**ACTIVITY**:
Among the entries below, which lines include the string "open"? Show each one.
╭─ RECORDS SHOWN
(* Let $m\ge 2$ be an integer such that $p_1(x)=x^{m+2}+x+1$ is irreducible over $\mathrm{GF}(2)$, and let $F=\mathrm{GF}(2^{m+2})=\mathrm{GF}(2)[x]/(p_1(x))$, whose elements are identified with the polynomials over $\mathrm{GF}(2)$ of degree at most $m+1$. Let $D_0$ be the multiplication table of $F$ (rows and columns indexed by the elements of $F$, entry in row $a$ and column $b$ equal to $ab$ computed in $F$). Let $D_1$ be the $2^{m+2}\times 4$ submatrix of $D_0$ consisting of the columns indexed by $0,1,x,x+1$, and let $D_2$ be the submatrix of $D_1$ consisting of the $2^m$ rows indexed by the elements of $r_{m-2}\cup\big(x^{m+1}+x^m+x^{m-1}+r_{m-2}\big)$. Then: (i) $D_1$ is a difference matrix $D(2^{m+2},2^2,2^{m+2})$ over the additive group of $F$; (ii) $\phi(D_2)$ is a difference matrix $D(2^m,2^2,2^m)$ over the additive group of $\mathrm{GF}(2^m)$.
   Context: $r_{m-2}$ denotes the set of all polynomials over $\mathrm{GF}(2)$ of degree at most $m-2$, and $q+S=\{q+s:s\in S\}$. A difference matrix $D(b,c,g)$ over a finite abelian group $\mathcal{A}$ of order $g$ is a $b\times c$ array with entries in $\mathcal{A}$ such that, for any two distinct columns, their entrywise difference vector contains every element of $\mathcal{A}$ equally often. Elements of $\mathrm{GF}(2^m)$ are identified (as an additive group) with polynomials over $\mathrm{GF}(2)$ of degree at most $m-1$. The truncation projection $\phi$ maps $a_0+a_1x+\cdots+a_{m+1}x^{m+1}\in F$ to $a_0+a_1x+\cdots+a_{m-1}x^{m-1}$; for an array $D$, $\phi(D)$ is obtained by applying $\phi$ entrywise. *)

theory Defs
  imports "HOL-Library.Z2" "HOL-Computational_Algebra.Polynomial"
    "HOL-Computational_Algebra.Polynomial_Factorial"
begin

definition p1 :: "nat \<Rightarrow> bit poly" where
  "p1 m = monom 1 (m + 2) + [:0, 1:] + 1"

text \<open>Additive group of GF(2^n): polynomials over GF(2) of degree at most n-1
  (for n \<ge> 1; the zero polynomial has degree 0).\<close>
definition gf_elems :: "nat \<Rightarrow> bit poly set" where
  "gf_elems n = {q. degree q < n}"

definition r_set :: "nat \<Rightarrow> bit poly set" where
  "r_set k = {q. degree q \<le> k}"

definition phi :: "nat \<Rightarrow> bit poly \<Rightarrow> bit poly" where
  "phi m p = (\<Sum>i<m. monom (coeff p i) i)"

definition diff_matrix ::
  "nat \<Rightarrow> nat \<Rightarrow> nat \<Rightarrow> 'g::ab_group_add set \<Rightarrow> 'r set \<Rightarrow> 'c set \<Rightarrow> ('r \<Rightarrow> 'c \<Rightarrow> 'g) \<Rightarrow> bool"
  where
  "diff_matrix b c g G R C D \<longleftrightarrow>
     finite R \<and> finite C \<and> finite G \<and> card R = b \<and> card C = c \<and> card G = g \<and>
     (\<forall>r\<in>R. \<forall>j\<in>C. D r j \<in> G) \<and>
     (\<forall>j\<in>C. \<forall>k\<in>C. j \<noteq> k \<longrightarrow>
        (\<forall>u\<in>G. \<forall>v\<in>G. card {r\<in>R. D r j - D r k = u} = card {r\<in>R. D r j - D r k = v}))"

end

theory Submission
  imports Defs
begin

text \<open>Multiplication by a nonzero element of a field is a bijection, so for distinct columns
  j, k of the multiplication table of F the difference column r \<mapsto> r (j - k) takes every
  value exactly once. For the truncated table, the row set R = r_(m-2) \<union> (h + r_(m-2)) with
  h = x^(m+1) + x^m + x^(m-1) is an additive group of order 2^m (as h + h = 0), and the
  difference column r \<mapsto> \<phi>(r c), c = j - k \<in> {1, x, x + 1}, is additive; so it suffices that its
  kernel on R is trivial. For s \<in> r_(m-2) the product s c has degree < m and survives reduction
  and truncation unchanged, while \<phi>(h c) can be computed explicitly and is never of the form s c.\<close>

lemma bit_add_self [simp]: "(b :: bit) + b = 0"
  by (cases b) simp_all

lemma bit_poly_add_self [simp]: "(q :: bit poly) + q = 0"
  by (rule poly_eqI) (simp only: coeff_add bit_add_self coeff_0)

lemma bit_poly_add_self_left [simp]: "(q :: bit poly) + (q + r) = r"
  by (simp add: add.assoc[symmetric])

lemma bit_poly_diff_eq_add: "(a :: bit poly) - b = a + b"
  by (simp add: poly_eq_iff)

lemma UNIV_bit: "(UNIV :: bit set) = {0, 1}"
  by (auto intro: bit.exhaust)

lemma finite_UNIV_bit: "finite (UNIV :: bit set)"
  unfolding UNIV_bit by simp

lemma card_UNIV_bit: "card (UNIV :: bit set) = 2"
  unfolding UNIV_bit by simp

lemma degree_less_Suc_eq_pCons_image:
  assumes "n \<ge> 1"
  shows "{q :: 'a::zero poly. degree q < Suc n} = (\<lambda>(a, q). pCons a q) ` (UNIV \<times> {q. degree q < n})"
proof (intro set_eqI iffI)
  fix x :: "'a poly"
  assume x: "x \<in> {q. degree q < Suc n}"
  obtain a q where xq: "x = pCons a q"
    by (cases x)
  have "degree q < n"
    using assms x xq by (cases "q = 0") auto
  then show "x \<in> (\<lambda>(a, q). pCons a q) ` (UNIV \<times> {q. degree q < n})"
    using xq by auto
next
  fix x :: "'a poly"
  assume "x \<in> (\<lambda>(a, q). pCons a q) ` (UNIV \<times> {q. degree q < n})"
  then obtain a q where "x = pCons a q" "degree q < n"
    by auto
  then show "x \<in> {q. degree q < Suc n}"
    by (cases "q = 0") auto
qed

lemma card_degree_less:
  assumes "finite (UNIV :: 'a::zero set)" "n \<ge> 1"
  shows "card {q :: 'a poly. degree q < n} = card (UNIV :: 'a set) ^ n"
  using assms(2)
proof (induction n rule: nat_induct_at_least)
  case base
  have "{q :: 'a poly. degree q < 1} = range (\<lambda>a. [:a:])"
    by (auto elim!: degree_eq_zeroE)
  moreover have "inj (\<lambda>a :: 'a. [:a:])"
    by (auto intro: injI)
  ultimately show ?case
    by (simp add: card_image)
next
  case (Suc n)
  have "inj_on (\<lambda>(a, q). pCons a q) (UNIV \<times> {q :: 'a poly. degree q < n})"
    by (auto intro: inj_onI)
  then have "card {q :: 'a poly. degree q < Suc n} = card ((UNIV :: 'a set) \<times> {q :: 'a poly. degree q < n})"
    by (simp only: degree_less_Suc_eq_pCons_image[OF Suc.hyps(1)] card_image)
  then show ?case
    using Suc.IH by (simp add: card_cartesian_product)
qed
╰─
**TASK RESULT**:
text \<open>Additive group of GF(2^n): polynomials over GF(2) of degree at most n-1
text \<open>Multiplication by a nonzero element of a field is a bijection, so for distinct columns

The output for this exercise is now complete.